**Exercise goal:**
What appears from the first line of the data below through the line containing "exponentials keeps it", both included, should be copied exactly, and nothing else.

--- Record extracts Enclosed Below ---

text \<open>
  With \<open>S(x) = \<Sum>\<^sub>i p\<^sub>i x^d\<^sub>i\<close> the equation reads \<open>F' = \<lambda> S(F) - F\<close>. Comparing \<open>F\<close> with
  exponentials keeps it in \<open>(0,1)\<close> and drives it to \<open>0\<close>, so for every \<open>\<Phi>\<close> the integral of
  \<open>\<Phi>'(F) (F - \<lambda> S(F))\<close> over \<open>[0,\<infinity>)\<close> equals \<open>\<Phi>(\<lambda>) - \<Phi>(0)\<close>.
  With \<open>\<Phi>\<close> an antiderivative of \<open>H(x) = S(x)/x\<close> this gives
  \<open>\<integral> S(F) (1 - \<lambda> H(F)) = \<Sum>\<^sub>i p\<^sub>i \<lambda>^d\<^sub>i / d\<^sub>i\<close>, so \<open>E[W] = \<integral> S(F)\<close> lies between that sum and the
  sum divided by \<open>1 - \<lambda>\<close>; near \<open>\<lambda> = 0\<close> the \<open>d\<^sub>j\<close>-terms dominate both these sums and
  \<open>-log p\<^sub>\<lambda> \<approx> 1 - p\<^sub>\<lambda>\<close>.
  With \<open>\<Phi> = -log(1 - \<lambda> H)\<close> one gets \<open>\<integral> \<lambda> F H'(F) = log(1 - \<lambda> H(0)) - log p\<^sub>\<lambda>\<close>. Since
  \<open>S(x) - x H'(x) / (\<Sum>\<^sub>i p\<^sub>i d\<^sub>i - 1)\<close> vanishes to first order at \<open>0\<close> and \<open>1\<close>, it is
  \<open>O(x - S(x))\<close>, and \<open>\<integral> F - \<lambda> S(F) = \<lambda>\<close>; hence \<open>E[W]\<close> and \<open>-log p\<^sub>\<lambda> / (\<Sum>\<^sub>i p\<^sub>i d\<^sub>i - 1)\<close>
  differ by a bounded amount as \<open>\<lambda> \<rightarrow> 1\<close>.
\<close>

lemma set_integral_Ici_FTC_nonneg:
  fixes \<Phi> \<phi> :: "real \<Rightarrow> real"
  assumes deriv: "\<And>x. 0 < x \<Longrightarrow> (\<Phi> has_real_derivative \<phi> x) (at x)"
    and cont: "\<And>x. 0 < x \<Longrightarrow> isCont \<phi> x"
    and nonneg: "\<And>x. 0 < x \<Longrightarrow> 0 \<le> \<phi> x"
    and lim_0: "(\<Phi> \<longlongrightarrow> \<Phi> 0) (at_right 0)"
    and lim_top: "(\<Phi> \<longlongrightarrow> L) at_top"
  shows "set_integrable lborel {0..} \<phi>" "(LINT x:{0..}|lborel. \<phi> x) = L - \<Phi> 0"
proof -
  have Ioi: "einterval (ereal 0) \<infinity> = {0<..}" by (auto simp: einterval_def)
  have "set_integrable lborel (einterval (ereal 0) \<infinity>) \<phi>"
    "(LBINT x=ereal 0..\<infinity>. \<phi> x) = L - \<Phi> 0"
    by (rule interval_integral_FTC_nonneg[where F=\<Phi>];
        (auto simp: ereal_tendsto_simps intro!: deriv cont nonneg lim_0 lim_top)?)+
  then have integrable: "set_integrable lborel {0<..} \<phi>"
    and integral: "(LINT x:{0<..}|lborel. \<phi> x) = L - \<Phi> 0"
    using Ioi by (simp_all add: interval_integral_Ioi)
  \<comment> \<open>\<open>{0..}\<close> and \<open>{0<..}\<close> differ by a null set\<close>
  show "set_integrable lborel {0..} \<phi>"
    using integrable unfolding set_integrable_def
    by (subst integrable_discrete_difference[where X="{0}" and g="\<lambda>x. indicator {0<..} x *\<^sub>R \<phi> x"])
      (auto simp: indicator_def)
  have "(LINT x:{0..}|lborel. \<phi> x) = (LINT x:{0<..}|lborel. \<phi> x)"
    unfolding set_lebesgue_integral_def
    by (rule integral_discrete_difference[where X="{0}"]) (auto simp: indicator_def)
  then show "(LINT x:{0..}|lborel. \<phi> x) = L - \<Phi> 0"
    using integral by simp
qed

lemma set_integral_abs_diff_le:
  fixes f g h :: "_ \<Rightarrow> real"
  assumes f: "set_integrable M A f" and g: "set_integrable M A g" and h: "set_integrable M A h"
    and bound: "\<And>x. x \<in> A \<Longrightarrow> \<bar>f x - g x\<bar> \<le> h x"
  shows "\<bar>(LINT x:A|M. f x) - (LINT x:A|M. g x)\<bar> \<le> (LINT x:A|M. h x)"
proof -
  have "(LINT x:A|M. f x) \<le> (LINT x:A|M. g x + h x)"
    using bound by (intro set_integral_mono f set_integral_add(1) g h) (smt (verit))
  moreover have "(LINT x:A|M. g x - h x) \<le> (LINT x:A|M. f x)"
    using bound by (intro set_integral_mono f set_integral_diff(1) g h) (smt (verit))
  ultimately show ?thesis
    using set_integral_add(2)[OF g h] set_integral_diff(2)[OF g h] by linarith
qed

--- End of Enclosed Record extracts ---

**Answer section:**
text \<open>
  With \<open>S(x) = \<Sum>\<^sub>i p\<^sub>i x^d\<^sub>i\<close> the equation reads \<open>F' = \<lambda> S(F) - F\<close>. Comparing \<open>F\<close> with
  exponentials keeps it in \<open>(0,1)\<close> and drives it to \<open>0\<close>, so for every \<open>\<Phi>\<close> the integral of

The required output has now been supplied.